# Fire Alarm requirement thresholds



## cheyer (Dec 30, 2009)

Happy Holidays

I'd like to get a feel from other AHJ's on when you require a F/A install in an existing building undergoing T.I. work.

What is your trigger for installation? At what point would you consider the T.I. work to be "new" construction, therefore requiring the F/A installation as in a new building.

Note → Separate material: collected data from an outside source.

lemma open_simplex_unique: "f \<in> open_simplex S \<Longrightarrow> f \<in> open_simplex S' \<Longrightarrow> S = S'"
  using open_simplex_support by blast

lemma open_simplex_nonempty:
  assumes "finite S" "S \<noteq> {}"
  shows "open_simplex S \<noteq> {}"
proof -
  have "(\<lambda>v. if v \<in> S then 1 / real (card S) else 0) \<in> open_simplex S"
    using assms by (simp add: open_simplex_def card_gt_0_iff)
  then show ?thesis by blast
qed

lemma mem_perv_star:
  "x \<in> perv_star C d S \<longleftrightarrow> (\<exists>S'. S' \<in> C \<and> perv_ge C d S S' \<and> x \<in> open_simplex S')"
  unfolding perv_star_def by blast

lemma open_simplex_subset_perv_star: "S \<in> C \<Longrightarrow> open_simplex S \<subseteq> perv_star C d S"
  unfolding subset_iff mem_perv_star perv_ge_def by blast

lemma perv_star_least:
  assumes "S' \<in> C" "x \<in> open_simplex S'" "x \<in> perv_star C d S"
  shows "perv_star C d S' \<subseteq> perv_star C d S"
proof
  obtain S2 where "perv_ge C d S S2" "x \<in> open_simplex S2"
    using assms(3) unfolding mem_perv_star by blast
  then have SS': "perv_ge C d S S'" using open_simplex_unique assms(2) by blast
  fix y assume "y \<in> perv_star C d S'"
  then obtain S3 where S3: "S3 \<in> C" "perv_ge C d S' S3" "y \<in> open_simplex S3"
    unfolding mem_perv_star by blast
  have "perv_ge C d S S3"
    using SS' S3(2) unfolding perv_ge_def by (rule rtranclp_trans)
  with S3 show "y \<in> perv_star C d S" unfolding mem_perv_star by blast
qed

lemma perv_base_Int:
  assumes "V \<in> perv_base C d" "V' \<in> perv_base C d"
  shows "(arbitrary union_of (\<lambda>U. U \<in> perv_base C d)) (V \<inter> V')"
  unfolding arbitrary_union_of_alt
proof
  obtain S0 S1 where V: "V = perv_star C d S0" "V' = perv_star C d S1"
    using assms unfolding perv_base_def by blast
  fix x assume x: "x \<in> V \<inter> V'"
  then have "x \<in> perv_star C d S0" unfolding V by blast
  then obtain S where S: "S \<in> C" "x \<in> open_simplex S"
    unfolding mem_perv_star by blast
  have "perv_star C d S \<subseteq> V \<inter> V'"
    using perv_star_least[OF S] x unfolding V by blast
  moreover have "x \<in> perv_star C d S" using S open_simplex_subset_perv_star by blast
  moreover have "perv_star C d S \<in> perv_base C d" using S(1) unfolding perv_base_def by blast
  ultimately show "\<exists>U. U \<in> perv_base C d \<and> x \<in> U \<and> U \<subseteq> V \<inter> V'" by blast
qed

lemma openin_perv_topology:
  "openin (perv_topology C d) = arbitrary union_of (\<lambda>V. V \<in> perv_base C d)"
proof -
  have "(\<lambda>W. \<exists>F \<subseteq> perv_base C d. W = \<Union>F) = arbitrary union_of (\<lambda>V. V \<in> perv_base C d)"
    by (auto simp: union_of_def arbitrary_def fun_eq_iff)
  moreover have "istopology (arbitrary union_of (\<lambda>V. V \<in> perv_base C d))"
    unfolding istopology_base_eq using perv_base_Int by blast
  ultimately show ?thesis
    unfolding perv_topology_def by simp
qed

lemma perv_star_supercompact:
  assumes C: "simplicial_complex C" and S: "S \<in> C"
  shows "supercompact (perv_topology C d) (perv_star C d S)"
  unfolding supercompact_def
proof (intro allI impI)
  fix \<U> assume H: "(\<forall>U\<in>\<U>. openin (perv_topology C d) U) \<and> perv_star C d S \<subseteq> \<Union>\<U>"
  have "finite S" "S \<noteq> {}" using C S unfolding simplicial_complex_def by auto
  then obtain x where x: "x \<in> open_simplex S" using open_simplex_nonempty by blast
  then have "x \<in> \<Union>\<U>" using H open_simplex_subset_perv_star[OF S] by blast
  then obtain U where U: "U \<in> \<U>" "x \<in> U" by blast
  then have "(arbitrary union_of (\<lambda>V. V \<in> perv_base C d)) U"
    using H openin_perv_topology by metis
  then obtain V where V: "V \<in> perv_base C d" "x \<in> V" "V \<subseteq> U"
    using U(2) unfolding arbitrary_union_of_alt by blast
  then obtain S0 where "V = perv_star C d S0" unfolding perv_base_def by blast
  then have "perv_star C d S \<subseteq> V" using perv_star_least[OF S x] V(2) by blast
  with U V show "\<exists>U\<in>\<U>. perv_star C d S \<subseteq> U" by blast
qed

Does anybody use a formula for F/A installation on existing buildings that is similar to sprinklers for existing building's ( more than 50% of the square footage, or more than 50% of the value, etc.)

Thanks.


----------



## cda (Dec 30, 2009)

Re: Fire Alarm requirement thresholds

1. change of ocuupancy type

2. 50 % value of building

3. Local admendment if building is empty over six months

4. If building has an existing system and remodel space is not up to code will require a/v's and other related items everytime a remodel is done.


----------



## FM William Burns (Dec 30, 2009)

Re: Fire Alarm requirement thresholds

I believe if one is using IBC and IFC one is bound by 907 and 907.3 respectively (unless amended).  If the work being done increases the parameters or thresholds of IBC 907.2 for the various occupancy types there could be an argument for the “new” option but then you’re stuck with IBC Chapter 34 and your back to IFC 907.3. unless there is a change in occupancy where one can apply IBC 907 (as applicable) or IBC 3410 is used. (if I understand IBC to IFC correctly).

Our fire code uses 1/101 and we have “whichever...... blah, blah” language in both the building and fire code adoption ordinance and 101 lays it out pretty clear for protection of existing buildings and alterations or additions and when "new" comes into play regarding fire protection.


----------